= Chuck Goudie =

American journalist (born 1956)

Chuck Goudie (born January 17, 1956, in Detroit, Michigan) is an American television journalist based in Chicago. He has been the investigative reporter of NBC owned NBC-5, in Chicago since February 10, 2025. He was with ABC7 from April 1980 until December 2024.

==Social media==
Goudie is a frequent provider of news stories and investigations via a Twitter page at https://twitter.com/ChuckGoudieNBC

==Major stories==
Goudie has reported stories from around the world, and was the first Chicago reporter on the air from New York's "Ground Zero" following the 9/11 attack.

In 1998, Goudie and his team broke the "Licenses-for-Bribes" investigation which revealed that Illinois commercial drivers' licenses were being sold to hundreds of unqualified truckers. The TV investigation motivated the FBI to send agents undercover in Illinois Secretary of State facilities and led to dozens of federal corruption indictments. The Justice Department's “Operation: Safe Roads” led all the way to former Governor George Ryan.
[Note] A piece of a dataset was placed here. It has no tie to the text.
(* There is an absolute constant $C$ such that for every finite set $\mathcal{U}\subset\mathbb{R}$ there exists a family of finite automata (one per degree $d$), in which each node $i$ at each time step additionally reads its current input $u_i(t)\in\mathcal{U}$ and maintains variables $M_i(t)\in\mathcal{U}$ and $P_i(t)\in\{i\}\cup N(i)$, whose state at node $i$ can be stored in at most $C(\log|\mathcal{U}|+d(i))$ bits, with the following property. For every network and every collection of input sequences $(u_i(t))_{t\ge0}$, $u_i(t)\in\mathcal{U}$, for which there exists $T'$ with $u_i(t)=u_i(T')$ for all $i$ and all $t\ge T'$, there exists $T''$ such that for all $t\ge T''$: (i) $M_i(t)=\max_{j=1,\ldots,n}u_j(t)$ for every node $i$; and (ii) for every node $i$ there exist a node $j$ and an integer $K_0$ with $P_i^k(t)=j$ for all $k\ge K_0$, and $M_i(t)=u_j(t)$, where $P_i^1(t)=P_i(t)$ and $P_i^{k+1}(t)=P_{P_i^k(t)}(t)$.
   Context: A network is a finite connected simple undirected graph $G=(V,E)$ with $V=\{1,\ldots,n\}$, together with a port labeling: for each node $i$ of degree $d(i)$, a bijection $\ell_i$ from the set $N(i)$ of neighbors of $i$ to $\{1,\ldots,d(i)\}$. Nodes run identical deterministic finite automata depending only on their degree, synchronously: at each round each node sends one message (from a finite message set) through each of its ports, and its next state depends only on its current state, its current input $u_i(t)$, and the messages received from each port (with neighbors distinguished only through local port numbers). Nodes have no global identifiers and no knowledge of $n$ or the graph; in particular the automata must work for every network and every port labeling. *)

theory Defs
  imports Complex_Main
begin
The 2004 “Changing of the Guard” investigation documented misconduct, accidents and negligence by top members of the Illinois State Police unit that guarded Illinois Governor Rod Blagojevich. It resulted in the governor ordering a thorough state police overhaul.

In 1993, Goudie's investigation of sexual abuse allegations against the late Cardinal Joseph Bernardin resulted in the cardinal's accuser withdrawing charges.

==Major awards==
Goudie has received a National Emmy Award for Investigative Reporting. Goudie's series “Worst Case Scenario” exposed how government agencies and chemical companies were unprotected against an attack. The reports found significant gaps in security at Illinois chemical plants; significant because there are more chemical facilities containing large amounts of hazardous chemicals in Illinois than any state in the USA.

The national "Edward R. Murrow Award" from the Radio-Television News Directors Association, for continuing coverage a nationwide murder spree.

Numerous Associated Press journalism awards including a national AP award for enterprise reporting.

==Personal history==
At age 12, Goudie was a regular on two weekly children's shows on WXYZ-TV in Detroit, Michigan. (1968–72). From 1975 to 1976, he was the news director at the Michigan State Network, the campus radio network serving Michigan State University in East Lansing, Michigan. He worked full-time as a radio newsman for both WILS-Radio and WVIC-Radio in Lansing and was a contributor to WXYZ-Radio in Detroit.

Goudie also worked at WSOC-TV, the ABC affiliate in Charlotte, N.C., where he was a main sports anchor (1978–80) and general assignment reporter (1977–78).

He is a member of Investigative Reporters and Editors (IRE) and a regular speaker at their annual international conference.

Goudie holds a degree from Michigan State University where he was a member of Delta Chi fraternity. In 1982 he married Teri Goudie, a former ABC producer who now leads a media consulting and corporate crisis training company. They have five children. Brittany Goudie, one of Chuck and Teri's children, started her career at HARPO Studios in Chicago working on The Oprah Winfrey Show, music management at Nashville-based Starstruck Entertainment, and now as producer of SiriusXM The Highway morning show with Storme Warren.